But I think you're right that GW have managed to make an OK skirmish game into a fairly crappy big battle game that also works as a fairly crappy skirmish game.

I suggest the basic solution is to strip the rules down to a simpler core set of mechanisms and develop them into two alternative rulesets.

For example, in the Skirmish rules any combat resolution would be done per figure, while in the Battle rules it would be done per squad, with the various different weapons in the squad factored into an overall attack value.

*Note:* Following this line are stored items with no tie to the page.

lemma cut_index_bounds:
  shows "cut_index S p \<sigma> a < S" and "(\<Sum>j<cut_index S p \<sigma> a. p (\<sigma> j)) < a"
    and "a \<le> (\<Sum>j<Suc (cut_index S p \<sigma> a). p (\<sigma> j))"
proof -
  define K where "K = {k. k \<le> S \<and> (\<Sum>j<k. p (\<sigma> j)) < a}"
  have "finite K" by (rule finite_subset[of _ "{..S}"]) (auto simp: K_def)
  moreover have "0 \<in> K" using a by (simp add: K_def)
  ultimately have max_in: "Max K \<in> K" and max_ge: "\<And>k. k \<in> K \<Longrightarrow> k \<le> Max K"
    by (auto intro: Max_in Max_ge)
  have cut: "cut_index S p \<sigma> a = Max K"
    by (simp add: cut_index_def K_def)
  have "(\<Sum>j<S. p (\<sigma> j)) = 1"
    using sum.reindex_bij_betw[OF \<sigma>, of p] p_sum by simp
  then have "Max K \<noteq> S" using max_in a by (auto simp: K_def)
  then show less: "cut_index S p \<sigma> a < S"
    using max_in cut by (simp add: K_def)
  show "(\<Sum>j<cut_index S p \<sigma> a. p (\<sigma> j)) < a"
    using max_in cut by (simp add: K_def)
  have "Suc (Max K) \<notin> K" using max_ge by fastforce
  then show "a \<le> (\<Sum>j<Suc (cut_index S p \<sigma> a). p (\<sigma> j))"
    using less cut by (simp add: K_def)
qed

lemma tail_weight_bounds:
  assumes "j < S"
  shows "0 \<le> tail_weight S p \<sigma> a j \<and> tail_weight S p \<sigma> a j \<le> p (\<sigma> j)"
proof -
  have "\<sigma> j < S" using \<sigma> assms by (auto dest: bij_betwE)
  then show ?thesis
    using cut_index_bounds p_nonneg by (auto simp: tail_weight_def cut_eps_def)
qed

lemma sum_tail_weight_mult:
  "(\<Sum>j<S. tail_weight S p \<sigma> a j * c j)
     = (\<Sum>j<cut_index S p \<sigma> a. p (\<sigma> j) * c j) + cut_eps S p \<sigma> a * c (cut_index S p \<sigma> a)"
proof -
  let ?k = "cut_index S p \<sigma> a"
  have "(\<Sum>j<S. tail_weight S p \<sigma> a j * c j) = (\<Sum>j<Suc ?k. tail_weight S p \<sigma> a j * c j)"
    using cut_index_bounds(1) by (intro sum.mono_neutral_right) (auto simp: tail_weight_def)
  also have "\<dots> = (\<Sum>j<?k. p (\<sigma> j) * c j) + cut_eps S p \<sigma> a * c ?k"
    by (simp add: tail_weight_def)
  finally show ?thesis .
qed

lemma cut_eps_le: "cut_eps S p \<sigma> a \<le> a"
proof -
  have "\<sigma> j < S" if "j < cut_index S p \<sigma> a" for j
    using that cut_index_bounds(1) \<sigma> by (auto dest: bij_betwE)
  then have "0 \<le> (\<Sum>j<cut_index S p \<sigma> a. p (\<sigma> j))"
    using p_nonneg by (intro sum_nonneg) auto
  then show ?thesis by (simp add: cut_eps_def)
qed

lemma sum_tail_weight: "(\<Sum>j<S. tail_weight S p \<sigma> a j) = a"
  using sum_tail_weight_mult[of "\<lambda>_. 1"] by (simp add: cut_eps_def)

end

lemma CVaR_eq_CVaR_perm:
  assumes "\<forall>j<S. 0 \<le> p j" "(\<Sum>j<S. p j) = 1" "0 < a" "a < 1"
  shows "CVaR S x p a v = CVaR_perm S x p (SOME \<sigma>. sorting_perm S x v \<sigma>) a v"
proof -
  let ?\<sigma> = "SOME \<sigma>. sorting_perm S x v \<sigma>"
  show ?thesis
    using sum_tail_weight_mult[OF assms(1,2) sorting_perm_bij[OF sorting_perm_some[of S x v]] assms(3,4),
        of "\<lambda>j. v \<bullet> x (?\<sigma> j)"]
    by (simp add: CVaR_def CVaR_perm_def Let_def algebra_simps add_divide_distrib)
qed

lemma CVaR_perm_sorting_le:
  assumes p: "\<forall>j<S. 0 \<le> p j" "(\<Sum>j<S. p j) = 1" and a: "0 < a" "a < 1"
    and sorted: "sorting_perm S x v \<sigma>" and \<tau>: "bij_betw \<tau> {..<S} {..<S}"
  shows "CVaR_perm S x p \<sigma> a v \<le> CVaR_perm S x p \<tau> a v"
proof -
  have \<sigma>: "bij_betw \<sigma> {..<S} {..<S}"
    and mono: "\<And>i j. i \<le> j \<Longrightarrow> j < S \<Longrightarrow> v \<bullet> x (\<sigma> i) \<le> v \<bullet> x (\<sigma> j)"
    using sorted by (auto simp: sorting_perm_def)
  let ?\<iota> = "inv_into {..<S} \<tau>"
  \<comment> \<open>the weight that \<open>\<tau>\<close> puts on scenario \<open>\<sigma> j\<close>\<close>
  define R where "R j = tail_weight S p \<tau> a (?\<iota> (\<sigma> j))" for j
  have R_bounds: "0 \<le> R j \<and> R j \<le> p (\<sigma> j)" if j: "j < S" for j
  proof -
    have "\<sigma> j < S" using \<sigma> j by (auto dest: bij_betwE)
    then have "?\<iota> (\<sigma> j) < S" and "\<tau> (?\<iota> (\<sigma> j)) = \<sigma> j"
      using bij_betw_inv_into[OF \<tau>] bij_betw_inv_into_right[OF \<tau>] by (auto dest: bij_betwE)
    then show ?thesis
      using tail_weight_bounds[OF p \<tau> a, of "?\<iota> (\<sigma> j)"] by (simp add: R_def)
  qed
  have "(\<Sum>j<S. R j) = (\<Sum>j<S. tail_weight S p \<sigma> a j)"
    using sum_reindex_bij_pair[OF \<sigma> \<tau>, of "\<lambda>j i. tail_weight S p \<tau> a j"]
    by (simp add: R_def sum_tail_weight[OF p \<tau> a] sum_tail_weight[OF p \<sigma> a])
  then have "(\<Sum>j<S. tail_weight S p \<sigma> a j * (v \<bullet> x (\<sigma> j))) \<le> (\<Sum>j<S. R j * (v \<bullet> x (\<sigma> j)))"
    using cut_index_bounds(1)[OF p \<sigma> a] R_bounds mono
    by (intro greedy_weighted_sum_le[where k = "cut_index S p \<sigma> a" and P = "\<lambda>j. p (\<sigma> j)"])
      (auto simp: tail_weight_def)
  also have "\<dots> = (\<Sum>j<S. tail_weight S p \<tau> a j * (v \<bullet> x (\<tau> j)))"
    using sum_reindex_bij_pair[OF \<sigma> \<tau>, of "\<lambda>j i. tail_weight S p \<tau> a j * (v \<bullet> x i)"]
    by (simp add: R_def)
  finally show ?thesis
    using a by (simp add: CVaR_perm_def divide_right_mono)
qed
lemma clairvoyant_inverse:
  fixes A B :: "nat \<Rightarrow> real mat"
  assumes "psd_mat (n * T) Q" and "pd_mat (m * T) R"
  defines "H \<equiv> R + transpose_mat (Fmat n m T A B) * Q * Fmat n m T A B"
  shows "inv_mat H \<in> carrier_mat (m * T) (m * T)" and "H * inv_mat H = 1\<^sub>m (m * T)"
proof -
  have "H \<in> carrier_mat (m * T) (m * T)"
    using assms Fmat_carrier[of n m T A B] unfolding H_def psd_mat_def pd_mat_def by auto
  moreover have "Determinant.det H \<noteq> 0"
    unfolding H_def using assms(2,1) Fmat_carrier by (rule pd_mat_plus_congruence_det_nonzero)
  ultimately show "inv_mat H \<in> carrier_mat (m * T) (m * T)" and "H * inv_mat H = 1\<^sub>m (m * T)"
    by (simp_all add: inv_mat_correct)
qed

lemma clairvoyant_gain_carrier:
  assumes "psd_mat (n * T) Q" and "pd_mat (m * T) R"
  shows "inv_mat (R + transpose_mat (Fmat n m T A B) * Q * Fmat n m T A B) * transpose_mat (Fmat n m T A B)
           * Q * Gmat n T A \<in> carrier_mat (m * T) (n * T)"
proof -
  have "transpose_mat (Fmat n m T A B) \<in> carrier_mat (m * T) (n * T)" and "Q \<in> carrier_mat (n * T) (n * T)"
    using Fmat_carrier[of n m T A B] assms(1) unfolding psd_mat_def by auto
  then show ?thesis
    using clairvoyant_inverse(1)[OF assms] Gmat_carrier[of n T A] by (metis mult_carrier_mat)
qed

See here is where the issue comes in because as a skirmish game 40k is SUPER dull, 1000pts is pretty much the lowest point level I still enjoy playing and I can usually wrap that size game in about 90 minutes, which is not terrible, basically like a big board game.
I would rather they scrap any attempt to make it a skirmish game and put that effort into making the 1000-2000 point range games quicker and more intuitive, especially in terms of pregame set up.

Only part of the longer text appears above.